Battle cannon from the Battle of Saint George's Caye, September 3-10, 1789
This cannon seen here was in battle at some point in the fight for the country of what is now Belize during the Battle of Saint George's Caye.
Today it is mounted permanently on the island of Saint George's Caye as a reminder of the sacrifices others made to fight for what we have now as Belize.
217th anniversary of The Battle of St. George’s Caye Day
Around the time the U.S.A. was struggling to free itself from British tyranny in the late 1700s, the people of Belize experienced an equally frightening threat: Belize forefathers—made up of African-born slaves and English-speaking Baymen, who knew a thing or two about domination—convened a town hall meeting to deal with news that Spain was sending an armada of ships to Belize with the intent of invading and enslaving settlers and claiming the land in the name of the Spanish king. What to do? There was no option. They would stand and fight for their freedom.
It wasn’t long before Spanish fighting forces made good on their threat. An estimated 2,000 soldiers and 500 sailors onboard a Spanish fleet of 32 vessels sailed west. Awaiting their arrival was Captain John Moss, commander of the HMS Merlin—plus the remainder of a rudimentary navy composed of the sloops Mermaid, Tickler and Towser and smaller boats fitted with available armaments.
The settlers battened down the hatches as they awaited the onslaught. Though described as a “rag-tag militia of colourful settlers and African slaves,” these patriots would do battle proudly and bravely on a field of sandy beaches and sheltering palm trees. It would be unfair to tell this story without mentioning the elixir that fueled spirits as the nation awaited the Spanish invasion: the local version of rum!
As the Spanish fleet’s mastheads appeared on the horizon approaching the Great Barrier Reef on September 3, 1789, a call went out to defenders marshalled along the beachhead not unlike the war cry of Paul Revere who alerted New Englanders of the arrival of British military forces. Positioning the majority of Belize fighters in the vicinity of St. George’s Caye, the unlikely, diverse mix of vanguards repelled the fleet during a fierce week of battle before admirals and generals realized that they could not win.

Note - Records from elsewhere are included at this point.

lemma second_deriv_of_cubic:
  fixes s s1 s2 :: "real \<Rightarrow> real"
  assumes "a < b"
    and cubic: "\<And>x. x \<in> {a..b} \<Longrightarrow> s x = c0 + c1 * x + c2 * x\<^sup>2 + c3 * x ^ 3"
    and s: "\<And>x. x \<in> {a<..<b} \<Longrightarrow> (s has_real_derivative s1 x) (at x)"
    and s1: "\<And>x. x \<in> {a<..<b} \<Longrightarrow> (s1 has_real_derivative s2 x) (at x)"
    and "continuous_on {a..b} s2" and "x \<in> {a..b}"
  shows "s2 x = 2 * c2 + 6 * c3 * x"
proof -
  have s1_eq: "s1 x = c1 + 2 * c2 * x + 3 * c3 * x\<^sup>2" if x: "x \<in> {a<..<b}" for x
  proof -
    have "((\<lambda>x. c0 + c1 * x + c2 * x\<^sup>2 + c3 * x ^ 3) has_real_derivative
        c1 + 2 * c2 * x + 3 * c3 * x\<^sup>2) (at x)"
      by (auto intro!: derivative_eq_intros simp: power2_eq_square)
    then have "(s has_real_derivative c1 + 2 * c2 * x + 3 * c3 * x\<^sup>2) (at x)"
      by (rule has_field_derivative_transform_within_open[where S="{a<..<b}"]) (use x cubic in auto)
    with s[OF x] show ?thesis
      using DERIV_unique by metis
  qed
  have "s2 y = 2 * c2 + 6 * c3 * y" if y: "y \<in> {a<..<b}" for y
  proof -
    have "((\<lambda>x. c1 + 2 * c2 * x + 3 * c3 * x\<^sup>2) has_real_derivative 2 * c2 + 6 * c3 * y) (at y)"
      by (auto intro!: derivative_eq_intros simp: power2_eq_square)
    then have "(s1 has_real_derivative 2 * c2 + 6 * c3 * y) (at y)"
      by (rule has_field_derivative_transform_within_open[where S="{a<..<b}"]) (use y s1_eq in auto)
    with s1[OF y] show ?thesis
      using DERIV_unique by metis
  qed
  moreover have "closure {a<..<b} = {a..b}"
    using \<open>a < b\<close> by simp
  moreover have "continuous_on {a..b} (\<lambda>y. s2 y - (2 * c2 + 6 * c3 * y))"
    using \<open>continuous_on {a..b} s2\<close> by (intro continuous_intros)
  ultimately have "s2 x - (2 * c2 + 6 * c3 * x) = 0"
    using continuous_constant_on_closure[of "{a<..<b}" "\<lambda>y. s2 y - (2 * c2 + 6 * c3 * y)" 0 x]
      \<open>x \<in> {a..b}\<close> by auto
  then show ?thesis
    by simp
qed

lemma mesh_step_le_mesh_size:
  "j < n \<Longrightarrow> p (Suc j) - p j \<le> mesh_size p n"
  unfolding mesh_size_def by (rule Max_ge) auto

lemma mesh_size_pos:
  assumes "is_mesh p n L"
  shows "0 < mesh_size p n"
proof -
  from assms have "0 < n" "p 0 < p (Suc 0)"
    unfolding is_mesh_def by auto
  with mesh_step_le_mesh_size[of 0 n p] show ?thesis
    by linarith
qed

lemma integral_square_nonneg: "0 \<le> integral S (\<lambda>x. (f x)\<^sup>2 :: real)"
  by (cases "(\<lambda>x. (f x)\<^sup>2) integrable_on S") (auto intro: integral_nonneg simp: not_integrable_integral)

lemma young_square_le:
  fixes x y t :: real
  assumes "0 < t"
  shows "y\<^sup>2 \<le> (1 + t) * x\<^sup>2 + (1 + 1 / t) * (x - y)\<^sup>2"
proof -
  have "(1 + t) * x\<^sup>2 + (1 + 1 / t) * (x - y)\<^sup>2 - y\<^sup>2 = (t * x + (x - y))\<^sup>2 / t"
    using assms by (simp add: field_simps power2_eq_square)
  with assms show ?thesis
    by (metis diff_ge_0_iff_ge divide_nonneg_pos less_le zero_le_power2)
qed

lemma integral_square_young_le:
  fixes g s :: "real \<Rightarrow> real"
  assumes "0 < t" "continuous_on {a..b} g" "continuous_on {a..b} s"
  shows "integral {a..b} (\<lambda>x. (s x)\<^sup>2)
    \<le> (1 + t) * integral {a..b} (\<lambda>x. (g x)\<^sup>2) + (1 + 1 / t) * integral {a..b} (\<lambda>x. (g x - s x)\<^sup>2)"
proof -
  have "integral {a..b} (\<lambda>x. (s x)\<^sup>2)
      \<le> integral {a..b} (\<lambda>x. (1 + t) * (g x)\<^sup>2 + (1 + 1 / t) * (g x - s x)\<^sup>2)"
    using assms by (intro integral_le young_square_le integrable_continuous_interval continuous_intros) auto
  also have "\<dots> = (1 + t) * integral {a..b} (\<lambda>x. (g x)\<^sup>2) + (1 + 1 / t) * integral {a..b} (\<lambda>x. (g x - s x)\<^sup>2)"
    using assms(2,3) by (subst integral_add) (auto intro!: integrable_continuous_interval continuous_intros)
  finally show ?thesis .
qed

lemma H2_hdt_norm_le_one_plus_dt:
  fixes g s g2 s2 :: "real \<Rightarrow> real"
  assumes "0 < dt" and "continuous_on {0..1} g" "continuous_on {0..1} s"
    and pythagoras: "integral {0..1} (\<lambda>x. (s2 x)\<^sup>2) + integral {0..1} (\<lambda>x. (g2 x - s2 x)\<^sup>2)
      = integral {0..1} (\<lambda>x. (g2 x)\<^sup>2)"
    and error: "integral {0..1} (\<lambda>x. (g x - s x)\<^sup>2) \<le> h ^ 4 * integral {0..1} (\<lambda>x. (g2 x - s2 x)\<^sup>2)"
  shows "H2_hdt_norm h dt s s2 \<le> (1 + dt) * H2_hdt_norm h dt g g2"
proof -
  define K where "K = h ^ 4 / dt"
  define G where "G = integral {0..1} (\<lambda>x. (g x)\<^sup>2)"
  define S where "S = integral {0..1} (\<lambda>x. (s x)\<^sup>2)"
  define Err where "Err = integral {0..1} (\<lambda>x. (g x - s x)\<^sup>2)"
  define G2 where "G2 = integral {0..1} (\<lambda>x. (g2 x)\<^sup>2)"
  define S2 where "S2 = integral {0..1} (\<lambda>x. (s2 x)\<^sup>2)"
  define Err2 where "Err2 = integral {0..1} (\<lambda>x. (g2 x - s2 x)\<^sup>2)"
  have young: "S \<le> (1 + dt) * G + Err + Err / dt"
    using integral_square_young_le[OF assms(1-3)] unfolding S_def G_def Err_def
    by (simp add: algebra_simps)
  have pyth: "S2 + Err2 = G2"
    using pythagoras unfolding S2_def Err2_def G2_def .
  have "K \<ge> 0"
    using \<open>0 < dt\<close> unfolding K_def by simp
  have "Err / dt \<le> K * Err2" and "Err \<le> dt * K * Err2"
    using error \<open>0 < dt\<close> unfolding K_def Err_def Err2_def by (simp_all add: divide_right_mono)
  moreover have "dt * K * Err2 \<le> dt * K * G2"
    using pyth integral_square_nonneg[of "{0..1}" s2] \<open>0 < dt\<close> \<open>K \<ge> 0\<close>
    unfolding S2_def by (intro mult_left_mono) auto
  moreover have "K * S2 = K * G2 - K * Err2" and "(1 + dt) * (G + K * G2) = (1 + dt) * G + K * G2 + dt * K * G2"
    using pyth by (auto simp: algebra_simps)
  ultimately have "S + K * S2 \<le> (1 + dt) * (G + K * G2)"
    using young by linarith
  also have "\<dots> \<le> (1 + dt)\<^sup>2 * (G + K * G2)"
    using \<open>0 < dt\<close> \<open>K \<ge> 0\<close> integral_square_nonneg[of "{0..1}" g] integral_square_nonneg[of "{0..1}" g2]
    unfolding G_def G2_def by (intro mult_right_mono) (auto simp: power2_eq_square)
  finally have "sqrt (S + K * S2) \<le> sqrt ((1 + dt)\<^sup>2 * (G + K * G2))"
    by (rule real_sqrt_le_mono)
  also have "\<dots> = (1 + dt) * sqrt (G + K * G2)"
    using \<open>0 < dt\<close> by (simp add: real_sqrt_mult)
  finally show ?thesis
    unfolding H2_hdt_norm_def L2_norm_T_def K_def S_def S2_def G_def G2_def
    by (simp add: integral_square_nonneg)
qed

section \<open>Periodic spline interpolants\<close>

locale periodic_spline_interpolant =
  fixes xs :: "nat \<Rightarrow> real" and M :: nat and g g1 g2 s s1 s2 :: "real \<Rightarrow> real"
  assumes mesh: "is_mesh xs M 1"
    and H2: "H2_T g g1 g2"
    and spline: "spline23 xs M s s1 s2"
    and interpolates: "\<forall>j<M. s (xs j) = g (xs j)"
begin

lemma node_mono:
  assumes "i \<le> k" "k \<le> M"
  shows "xs i \<le> xs k"
  by (rule lift_Suc_mono_le_ivl[of "{..<M}"]) (use mesh assms in \<open>auto simp: is_mesh_def less_imp_le\<close>)

lemma integral_sum_mesh_cells:
  fixes f :: "real \<Rightarrow> real"
  assumes "f integrable_on {0..1}"
  shows "integral {0..1} f = (\<Sum>j<M. integral {xs j..xs (Suc j)} f)"
  using integral_sum_cells[of M xs f] assms mesh unfolding is_mesh_def by (simp add: less_imp_le)

lemma cell_nonempty: "j < M \<Longrightarrow> xs j < xs (Suc j)"
  using mesh unfolding is_mesh_def by auto

lemma cell_subset: "j < M \<Longrightarrow> {xs j..xs (Suc j)} \<subseteq> {0..1}"
  using node_mono[of 0 j] node_mono[of "Suc j" M] mesh unfolding is_mesh_def by auto

lemma error_deriv: "((\<lambda>x. g x - s x) has_real_derivative g1 x - s1 x) (at x)"
  using H2 spline unfolding H2_T_def spline23_def by (intro DERIV_diff) auto

lemma continuous_g: "continuous_on A g"
  using H2 unfolding H2_T_def by (meson DERIV_isCont continuous_at_imp_continuous_on)

lemma continuous_s: "continuous_on A s"
  using spline unfolding spline23_def by (meson DERIV_isCont continuous_at_imp_continuous_on)

lemma continuous_s2: "continuous_on A s2"
  using spline unfolding spline23_def by (blast intro: continuous_on_subset)

lemma error_vanishes_at_nodes:
  assumes "j \<le> M"
  shows "g (xs j) - s (xs j) = 0"
proof (cases "j = M")
  case True
  have "periodic1 g" "periodic1 s" "xs 0 = 0" "xs M = 1" "0 < M"
    using H2 spline mesh unfolding H2_T_def spline23_def is_mesh_def by auto
  then have "g (xs M) - s (xs M) = g (xs 0) - s (xs 0)"
    unfolding periodic1_def by (metis add_0)
  with True interpolates \<open>0 < M\<close> show ?thesis
    by simp
next
  case False
  with assms interpolates show ?thesis
    by simp
qed

lemma error_second_deriv:
  assumes "a \<le> b"
  shows "((\<lambda>x. g2 x - s2 x) has_integral (g1 b - s1 b) - (g1 a - s1 a)) {a..b}"
proof -
  have "(s2 has_integral s1 b - s1 a) {a..b}"
    using spline \<open>a \<le> b\<close> unfolding spline23_def
    by (intro fundamental_theorem_of_calculus)
      (auto intro: has_field_derivative_at_within simp flip: has_real_derivative_iff_has_vector_derivative)
  moreover have "(g2 has_integral g1 b - g1 a) {a..b}"
    using H2 \<open>a \<le> b\<close> unfolding H2_T_def by auto
  ultimately have "((\<lambda>x. g2 x - s2 x) has_integral (g1 b - g1 a) - (s1 b - s1 a)) {a..b}"
    by (intro has_integral_diff)
  then show ?thesis
    by (simp add: algebra_simps)
qed

lemma periodic_error_first_deriv: "periodic1 (\<lambda>x. g1 x - s1 x)"
proof (rule periodic1_deriv[OF _ error_deriv])
  show "periodic1 (\<lambda>x. g x - s x)"
    using H2 spline unfolding H2_T_def spline23_def periodic1_def by simp
qed

lemma periodic_second_deriv: "periodic1 s2"
proof -
  have "periodic1 s1"
    by (rule periodic1_deriv[of s]) (use spline in \<open>auto simp: spline23_def\<close>)
  then show ?thesis
    by (rule periodic1_deriv) (use spline in \<open>auto simp: spline23_def\<close>)
qed

lemma second_deriv_absolutely_integrable: "g2 absolutely_integrable_on {0..1}"
  using H2 unfolding H2_T_def L2_T_def by simp

lemma error_second_deriv_absolutely_integrable:
  "(\<lambda>x. g2 x - s2 x) absolutely_integrable_on {0..1}"
  using second_deriv_absolutely_integrable absolutely_integrable_continuous_real[OF continuous_s2]
  by (rule set_integral_diff(1))

lemma error_second_deriv_square_integrable:
  "(\<lambda>x. (g2 x - s2 x)\<^sup>2) integrable_on {0..1}"
proof -
  have "(\<lambda>x. s2 x * g2 x) absolutely_integrable_on {0..1}"
    using second_deriv_absolutely_integrable continuous_s2 by (rule absolutely_integrable_continuous_mult)
  moreover have "(\<lambda>x. (g2 x)\<^sup>2) integrable_on {0..1}"
    using H2 unfolding H2_T_def L2_T_def by simp
  moreover have "(\<lambda>x. (s2 x)\<^sup>2) integrable_on {0..1}"
    by (intro integrable_continuous_interval continuous_intros continuous_s2)
  ultimately have "(\<lambda>x. (g2 x)\<^sup>2 - 2 * (s2 x * g2 x) + (s2 x)\<^sup>2) integrable_on {0..1}"
    by (intro integrable_add integrable_diff integrable_on_mult_right) (simp_all add: absolutely_integrable_on_def)
  moreover have "(\<lambda>x. (g2 x)\<^sup>2 - 2 * (s2 x * g2 x) + (s2 x)\<^sup>2) = (\<lambda>x. (g2 x - s2 x)\<^sup>2)"
    by (auto simp: power2_eq_square algebra_simps)
  ultimately show ?thesis
    by simp
qed

lemma second_deriv_affine_on_cell:
  assumes "j < M"
  obtains \<alpha> \<beta> where "\<And>x. x \<in> {xs j..xs (Suc j)} \<Longrightarrow> s2 x = \<alpha> + \<beta> * x"
proof -
  obtain c0 c1 c2 c3 where cubic: "\<And>x. x \<in> {xs j..xs (Suc j)} \<Longrightarrow> s x = c0 + c1 * x + c2 * x\<^sup>2 + c3 * x ^ 3"
    using spline assms unfolding spline23_def by blast
  have "\<And>x. (s has_real_derivative s1 x) (at x)" "\<And>x. (s1 has_real_derivative s2 x) (at x)"
    using spline unfolding spline23_def by auto
  with second_deriv_of_cubic[OF cell_nonempty[OF assms] cubic _ _ continuous_s2] that
  show thesis
    by blast
qed
definition opsub :: "op \<Rightarrow> op \<Rightarrow> op" where
  "opsub A C = (\<lambda>S T. A S T - C S T)"

definition opscale :: "complex \<Rightarrow> op \<Rightarrow> op" where
  "opscale a A = (\<lambda>S T. a * A S T)"

text \<open>Annihilation operator (Jordan--Wigner with respect to the linear order on modes).\<close>
definition annih :: "mode set set \<Rightarrow> mode \<Rightarrow> op" where
  "annih B m = (\<lambda>S T. if S \<in> B \<and> T \<in> B \<and> m \<in> T \<and> S = T - {m}
                       then (-1) ^ card {k\<in>T. k < m} else 0)"

definition creat :: "mode set set \<Rightarrow> mode \<Rightarrow> op" where
  "creat B m = opadj (annih B m)"

text \<open>Parity operator (-1)^N; conjugation by it implements c \<mapsto> -c.\<close>
definition parity :: "mode set set \<Rightarrow> op" where
  "parity B = (\<lambda>S T. if S \<in> B \<and> T \<in> B \<and> S = T then (-1) ^ card S else 0)"

inductive_set car_alg :: "mode set set \<Rightarrow> mode set \<Rightarrow> op set" for B M where
  car_id: "idop B \<in> car_alg B M"
| car_annih: "m \<in> M \<Longrightarrow> annih B m \<in> car_alg B M"
| car_creat: "m \<in> M \<Longrightarrow> creat B m \<in> car_alg B M"
| car_add: "A \<in> car_alg B M \<Longrightarrow> C \<in> car_alg B M \<Longrightarrow> opadd A C \<in> car_alg B M"
| car_scale: "A \<in> car_alg B M \<Longrightarrow> opscale a A \<in> car_alg B M"
| car_mul: "A \<in> car_alg B M \<Longrightarrow> C \<in> car_alg B M \<Longrightarrow> opmul B A C \<in> car_alg B M"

The armada was finally able to retreat north along the shoreline of the Yucatan Peninsula and never again tried to invade, conquer or otherwise presume to lay claim to the feisty society that was to become Belize over a century later. If accounts written by Baymen, and sent home to England, were any indication of how united this mix of African slaves and English patriots were, it certainly foreshadowed what was to come in the 21st century: A harmonious mix of races, creeds and colors that represent the true essence of what the Battle of St. George’s Caye has come to mean: One people. Indivisible.
St. George’s Caye remains a symbol of that week in 1789 when proud ancestors of today’s citizenry stood their ground and refused to give an inch. Those early defenders had no flag under which to march, nor did they have a formal military structure under which to organize, plan and set strategies. What they did have was the unbeatable combination of zeal, belief and brotherhood—a trio of attributes that cannot be conquered under any circumstances and that’s exactly what’s celebrated every September 10th on St. George’s Caye.